Upstream OAuth is configured in the upstream.authentication section of the API definition:
{
  "x-tyk-api-gateway": {
    "upstream": {
      "url": "https://weather-mcp.example.com",
      "authentication": {
        "enabled": true,
        "oauth": {
          "enabled": true,
          "allowedAuthorizeTypes": ["clientCredentials"],
          "clientCredentials": {
            "clientId": "tyk-gateway-client",
            "clientSecret": "your-client-secret",
            "tokenUrl": "https://auth.example.com/oauth/token",
            "scopes": ["mcp:read", "mcp:write"]
          }
        }
      }
    }
  }
}
The clientCredentials fields are:
FieldRequiredDescription
clientIdYesThe OAuth client ID issued by the authorization server for this gateway instance.
clientSecretYesThe client secret associated with the client ID.
tokenUrlYesThe token endpoint of the upstream’s authorization server.
scopesNoThe scopes to request when obtaining the token. The authorization server grants only the scopes it recognises and the client is permitted.
extraMetadataNoKeys to extract from the token response and pass to the upstream as additional context.

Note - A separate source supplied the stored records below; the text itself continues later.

(* Let $\mathbb{X}$ be a Cartesian left additive category and $f_\bullet:A\to B$ a $\mathsf{D}$-sequence. Then (i) $\mathsf{D}[f_\bullet]$ is a $\mathsf{D}$-sequence; (ii) $\mathsf{T}(f_\bullet)$ is a $\mathsf{D}$-sequence; and (iii) $\langle1,0\rangle\cdot\mathsf{T}(f_\bullet)=f_\bullet\cdot\langle1,0\rangle$; (iv) $(1\times\pi_i)\cdot\mathsf{T}(f_\bullet)=\mathsf{T}_2(f_\bullet)\cdot(1\times\pi_i)$ for $i\in\{0,1\}$, where $\mathsf{T}_2(f_\bullet):=\langle\pi_0\cdot f_\bullet,\langle(1\times\pi_0)\cdot\mathsf{D}[f_\bullet],(1\times\pi_1)\cdot\mathsf{D}[f_\bullet]\rangle\rangle:A\times(A\times A)\to B\times(B\times B)$; (v) $(1\times(\pi_0+\pi_1))\cdot\mathsf{T}(f_\bullet)=\mathsf{T}_2(f_\bullet)\cdot(1\times(\pi_0+\pi_1))$; (vi) $\ell\cdot\mathsf{T}^2(f_\bullet)=\mathsf{T}(f_\bullet)\cdot\ell$; (vii) $c\cdot\mathsf{T}^2(f_\bullet)=\mathsf{T}^2(f_\bullet)\cdot c$.
   Context: Composition in diagrammatic order. A Cartesian left additive category: finite products, hom-sets commutative monoids with $f(g+h)=fg+fh$, $f0=0$, projections additive. For an object $X$: $\langle1,0\rangle:X\to X\times X$; $1\times\pi_i,\ 1\times(\pi_0+\pi_1):X\times(X\times X)\to X\times X$; $\ell=\langle1,0\rangle\times\langle0,1\rangle:X\times X\to(X\times X)\times(X\times X)$; $c=\langle\langle\pi_0\pi_0,\pi_1\pi_0\rangle,\langle\pi_0\pi_1,\pi_1\pi_1\rangle\rangle:(X\times X)\times(X\times X)\to(X\times X)\times(X\times X)$ (swap of middle components). $\mathsf{P}(X)=X\times X$, $\mathsf{P}(f)=f\times f$. A pre-$\mathsf{D}$-sequence $f_\bullet:A\to B$ is $(f_n)_{n\ge0}$ with $f_n:\mathsf{P}^n(A)\to B$; $(h\cdot f_\bullet)_n=\mathsf{P}^n(h)f_n$ for $h:A'\to A$; $(f_\bullet\cdot k)_n=f_nk$ for $k:B\to C$; pairing $\langle f_\bullet,g_\bullet\rangle_n=\langle f_n,g_n\rangle$; sums and $0_\bullet$ pointwise. $\mathsf{T}(f_\bullet):\mathsf{P}(A)\to\mathsf{P}(B)$, $\mathsf{T}(f_\bullet)_n=\langle\mathsf{P}^n(\pi_0)f_n,f_{n+1}\rangle$; $\mathsf{D}[f_\bullet]:\mathsf{P}(A)\to B$, $\mathsf{D}[f_\bullet]_n=f_{n+1}$. A $\mathsf{D}$-sequence is a pre-$\mathsf{D}$-sequence such that for all $n$ (maps taken for the object $\mathsf{P}^n(A)$): $\langle1,0\rangle\cdot\mathsf{D}^{n+1}[f_\bullet]=0_\bullet$; $(1\times(\pi_0+\pi_1))\cdot\mathsf{D}^{n+1}[f_\bullet]=(1\times\pi_0)\cdot\mathsf{D}^{n+1}[f_\bullet]+(1\times\pi_1)\cdot\mathsf{D}^{n+1}[f_\bullet]$; $\ell\cdot\mathsf{D}^{n+2}[f_\bullet]=\mathsf{D}^{n+1}[f_\bullet]$; $c\cdot\mathsf{D}^{n+2}[f_\bullet]=\mathsf{D}^{n+2}[f_\bullet]$. In $\mathsf{T}_2$, $\pi_0:A\times(A\times A)\to A$. *)

theory Defs
  imports Main
begin

text \<open>Composition cl_cmp f g is in DIAGRAMMATIC order (first f, then g).\<close>

record ('o, 'm) cla_data =
  cl_hom  :: "'o \<Rightarrow> 'o \<Rightarrow> 'm set"
  cl_id   :: "'o \<Rightarrow> 'm"
  cl_cmp  :: "'m \<Rightarrow> 'm \<Rightarrow> 'm"
  cl_prd  :: "'o \<Rightarrow> 'o \<Rightarrow> 'o"
  cl_pr0  :: "'o \<Rightarrow> 'o \<Rightarrow> 'm"
  cl_pr1  :: "'o \<Rightarrow> 'o \<Rightarrow> 'm"
  cl_pair :: "'m \<Rightarrow> 'm \<Rightarrow> 'm"
  cl_trm  :: "'o"
  cl_bang :: "'o \<Rightarrow> 'm"
  cl_add  :: "'m \<Rightarrow> 'm \<Rightarrow> 'm"
  cl_zer  :: "'o \<Rightarrow> 'o \<Rightarrow> 'm"

definition cla :: "('o, 'm) cla_data \<Rightarrow> bool" where
  "cla C \<longleftrightarrow>
    \<comment> \<open>category\<close>
    (\<forall>A. cl_id C A \<in> cl_hom C A A) \<and>
    (\<forall>A B D f g. f \<in> cl_hom C A B \<longrightarrow> g \<in> cl_hom C B D \<longrightarrow> cl_cmp C f g \<in> cl_hom C A D) \<and>
    (\<forall>A B D E f g h. f \<in> cl_hom C A B \<longrightarrow> g \<in> cl_hom C B D \<longrightarrow> h \<in> cl_hom C D E \<longrightarrow>
        cl_cmp C (cl_cmp C f g) h = cl_cmp C f (cl_cmp C g h)) \<and>
    (\<forall>A B f. f \<in> cl_hom C A B \<longrightarrow> cl_cmp C (cl_id C A) f = f \<and> cl_cmp C f (cl_id C B) = f) \<and>
    \<comment> \<open>binary products\<close>
    (\<forall>A B. cl_pr0 C A B \<in> cl_hom C (cl_prd C A B) A \<and> cl_pr1 C A B \<in> cl_hom C (cl_prd C A B) B) \<and>
    (\<forall>X A B f g. f \<in> cl_hom C X A \<longrightarrow> g \<in> cl_hom C X B \<longrightarrow>
        cl_pair C f g \<in> cl_hom C X (cl_prd C A B) \<and>
        cl_cmp C (cl_pair C f g) (cl_pr0 C A B) = f \<and> cl_cmp C (cl_pair C f g) (cl_pr1 C A B) = g) \<and>
    (\<forall>X A B h. h \<in> cl_hom C X (cl_prd C A B) \<longrightarrow>
        cl_pair C (cl_cmp C h (cl_pr0 C A B)) (cl_cmp C h (cl_pr1 C A B)) = h) \<and>
    \<comment> \<open>terminal object\<close>
    (\<forall>X. cl_bang C X \<in> cl_hom C X (cl_trm C)) \<and>
    (\<forall>X h. h \<in> cl_hom C X (cl_trm C) \<longrightarrow> h = cl_bang C X) \<and>
    \<comment> \<open>hom-sets are commutative monoids\<close>
    (\<forall>A B. cl_zer C A B \<in> cl_hom C A B) \<and>
    (\<forall>A B f g. f \<in> cl_hom C A B \<longrightarrow> g \<in> cl_hom C A B \<longrightarrow> cl_add C f g \<in> cl_hom C A B) \<and>
    (\<forall>A B f g h. f \<in> cl_hom C A B \<longrightarrow> g \<in> cl_hom C A B \<longrightarrow> h \<in> cl_hom C A B \<longrightarrow>
        cl_add C (cl_add C f g) h = cl_add C f (cl_add C g h)) \<and>
    (\<forall>A B f g. f \<in> cl_hom C A B \<longrightarrow> g \<in> cl_hom C A B \<longrightarrow> cl_add C f g = cl_add C g f) \<and>
    (\<forall>A B f. f \<in> cl_hom C A B \<longrightarrow> cl_add C f (cl_zer C A B) = f) \<and>
    \<comment> \<open>left additivity: f(g+h) = fg + fh, f0 = 0\<close>
    (\<forall>A B D f g h. f \<in> cl_hom C A B \<longrightarrow> g \<in> cl_hom C B D \<longrightarrow> h \<in> cl_hom C B D \<longrightarrow>
        cl_cmp C f (cl_add C g h) = cl_add C (cl_cmp C f g) (cl_cmp C f h)) \<and>
    (\<forall>A B D f. f \<in> cl_hom C A B \<longrightarrow> cl_cmp C f (cl_zer C B D) = cl_zer C A D) \<and>
    \<comment> \<open>projections are additive\<close>
    (\<forall>X A B f g. f \<in> cl_hom C X (cl_prd C A B) \<longrightarrow> g \<in> cl_hom C X (cl_prd C A B) \<longrightarrow>
        cl_cmp C (cl_add C f g) (cl_pr0 C A B) = cl_add C (cl_cmp C f (cl_pr0 C A B)) (cl_cmp C g (cl_pr0 C A B)) \<and>
        cl_cmp C (cl_add C f g) (cl_pr1 C A B) = cl_add C (cl_cmp C f (cl_pr1 C A B)) (cl_cmp C g (cl_pr1 C A B))) \<and>
    (\<forall>X A B. cl_cmp C (cl_zer C X (cl_prd C A B)) (cl_pr0 C A B) = cl_zer C X A \<and>
        cl_cmp C (cl_zer C X (cl_prd C A B)) (cl_pr1 C A B) = cl_zer C X B)"

text \<open>f \<times> g for f : A \<rightarrow> A', g : B \<rightarrow> B' (the source objects A, B are given explicitly).\<close>
definition pmap :: "('o,'m) cla_data \<Rightarrow> 'o \<Rightarrow> 'o \<Rightarrow> 'm \<Rightarrow> 'm \<Rightarrow> 'm" where
  "pmap C A B f g = cl_pair C (cl_cmp C (cl_pr0 C A B) f) (cl_cmp C (cl_pr1 C A B) g)"

definition Pob :: "('o,'m) cla_data \<Rightarrow> 'o \<Rightarrow> 'o" where
  "Pob C X = cl_prd C X X"

definition Pn :: "('o,'m) cla_data \<Rightarrow> nat \<Rightarrow> 'o \<Rightarrow> 'o" where
  "Pn C n X = (Pob C ^^ n) X"

definition Par :: "('o,'m) cla_data \<Rightarrow> 'o \<Rightarrow> 'm \<Rightarrow> 'm" where
  "Par C X h = pmap C X X h h"

fun Parn :: "('o,'m) cla_data \<Rightarrow> nat \<Rightarrow> 'o \<Rightarrow> 'm \<Rightarrow> 'm" where
  "Parn C 0 X h = h"
| "Parn C (Suc n) X h = Par C (Pn C n X) (Parn C n X h)"

definition unit10 :: "('o,'m) cla_data \<Rightarrow> 'o \<Rightarrow> 'm" where
  "unit10 C X = cl_pair C (cl_id C X) (cl_zer C X X)"

definition unit01 :: "('o,'m) cla_data \<Rightarrow> 'o \<Rightarrow> 'm" where
  "unit01 C X = cl_pair C (cl_zer C X X) (cl_id C X)"

definition one_x_pr0 :: "('o,'m) cla_data \<Rightarrow> 'o \<Rightarrow> 'm" where
  "one_x_pr0 C X = pmap C X (Pob C X) (cl_id C X) (cl_pr0 C X X)"

definition one_x_pr1 :: "('o,'m) cla_data \<Rightarrow> 'o \<Rightarrow> 'm" where
  "one_x_pr1 C X = pmap C X (Pob C X) (cl_id C X) (cl_pr1 C X X)"

definition one_x_sum :: "('o,'m) cla_data \<Rightarrow> 'o \<Rightarrow> 'm" where
  "one_x_sum C X = pmap C X (Pob C X) (cl_id C X) (cl_add C (cl_pr0 C X X) (cl_pr1 C X X))"

definition ell :: "('o,'m) cla_data \<Rightarrow> 'o \<Rightarrow> 'm" where
  "ell C X = pmap C X X (unit10 C X) (unit01 C X)"

definition cswap :: "('o,'m) cla_data \<Rightarrow> 'o \<Rightarrow> 'm" where
  "cswap C X = (let P = Pob C X in
     cl_pair C (cl_pair C (cl_cmp C (cl_pr0 C P P) (cl_pr0 C X X)) (cl_cmp C (cl_pr1 C P P) (cl_pr0 C X X)))
               (cl_pair C (cl_cmp C (cl_pr0 C P P) (cl_pr1 C X X)) (cl_cmp C (cl_pr1 C P P) (cl_pr1 C X X))))"

definition pre_dseq :: "('o,'m) cla_data \<Rightarrow> 'o \<Rightarrow> 'o \<Rightarrow> (nat \<Rightarrow> 'm) \<Rightarrow> bool" where
  "pre_dseq C A B f \<longleftrightarrow> (\<forall>n. f n \<in> cl_hom C (Pn C n A) B)"

definition sprec :: "('o,'m) cla_data \<Rightarrow> 'o \<Rightarrow> 'm \<Rightarrow> (nat \<Rightarrow> 'm) \<Rightarrow> (nat \<Rightarrow> 'm)" where
  "sprec C X h f = (\<lambda>n. cl_cmp C (Parn C n X h) (f n))"

definition spost :: "('o,'m) cla_data \<Rightarrow> (nat \<Rightarrow> 'm) \<Rightarrow> 'm \<Rightarrow> (nat \<Rightarrow> 'm)" where
  "spost C f k = (\<lambda>n. cl_cmp C (f n) k)"

definition spair :: "('o,'m) cla_data \<Rightarrow> (nat \<Rightarrow> 'm) \<Rightarrow> (nat \<Rightarrow> 'm) \<Rightarrow> (nat \<Rightarrow> 'm)" where
  "spair C f g = (\<lambda>n. cl_pair C (f n) (g n))"

definition sadd :: "('o,'m) cla_data \<Rightarrow> (nat \<Rightarrow> 'm) \<Rightarrow> (nat \<Rightarrow> 'm) \<Rightarrow> (nat \<Rightarrow> 'm)" where
  "sadd C f g = (\<lambda>n. cl_add C (f n) (g n))"

definition szero :: "('o,'m) cla_data \<Rightarrow> 'o \<Rightarrow> 'o \<Rightarrow> (nat \<Rightarrow> 'm)" where
  "szero C A B = (\<lambda>n. cl_zer C (Pn C n A) B)"

definition Dop :: "(nat \<Rightarrow> 'm) \<Rightarrow> (nat \<Rightarrow> 'm)" where
  "Dop f = (\<lambda>n. f (Suc n))"

definition Tseq :: "('o,'m) cla_data \<Rightarrow> 'o \<Rightarrow> (nat \<Rightarrow> 'm) \<Rightarrow> (nat \<Rightarrow> 'm)" where
  "Tseq C A f = (\<lambda>n. cl_pair C (cl_cmp C (Parn C n (Pob C A) (cl_pr0 C A A)) (f n)) (f (Suc n)))"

The complete OAuth 2.1 flow

Combining inbound PRM discovery, inbound Bearer validation, and upstream client credentials, the full architecture looks like this: The MCP client and the upstream MCP server each receive properly authorized requests at their respective trust boundaries. Tyk sits between them, mediating both flows independently.

A complete configuration example

The following configuration for a weather MCP proxy enables PRM discovery, Bearer token authentication for inbound clients, and client credentials for the upstream:
{
  "openapi": "3.0.3",
  "info": { "title": "Weather MCP proxy", "version": "2025-11-25" },
  "paths": {
    "/mcp": {
      "post": { "operationId": "mcpTransportPost", "responses": { "200": { "description": "JSON-RPC response" } } },
      "get":  { "operationId": "mcpSSEGet",         "responses": { "200": { "description": "SSE stream" } } }
    }
  },
  "x-tyk-api-gateway": {
    "info": {
      "name": "Weather MCP proxy",
      "state": { "active": true }
    },
    "server": {
      "listenPath": { "value": "/weather-mcp/", "strip": true },
      "authentication": {
        "enabled": true,
        "securitySchemes": {
          "authToken": { "enabled": true }
        },
        "protectedResourceMetadata": {
          "enabled": true,
          "resource": "https://gateway.example.com/weather-mcp/",
          "authorizationServers": ["https://auth.example.com"],
          "scopesSupported": ["tools:read", "tools:write"]
        }
      }
    },
    "upstream": {
      "url": "https://weather-mcp.example.com",
      "authentication": {
        "enabled": true,
        "oauth": {
          "enabled": true,
          "allowedAuthorizeTypes": ["clientCredentials"],
          "clientCredentials": {
            "clientId": "tyk-gateway-client",
            "clientSecret": "your-client-secret",
            "tokenUrl": "https://auth.example.com/oauth/token",
            "scopes": ["mcp:read", "mcp:write"]
          }
        }
      }
    }
  }
}
In this configuration:
  • MCP clients that arrive without a token receive a 401 with a WWW-Authenticate header pointing to the PRM document.
  • Clients that follow the discovery flow obtain a token from https://auth.example.com and present it as a Bearer token.
  • Tyk validates that token against the configured authentication scheme.
  • Tyk then acquires its own token from https://auth.example.com using client credentials and forwards the proxied request to the upstream with that token.
The two tokens are distinct: the inbound token belongs to the AI agent, the upstream token belongs to the gateway. Their respective authorization servers may impose different scopes and policies on each.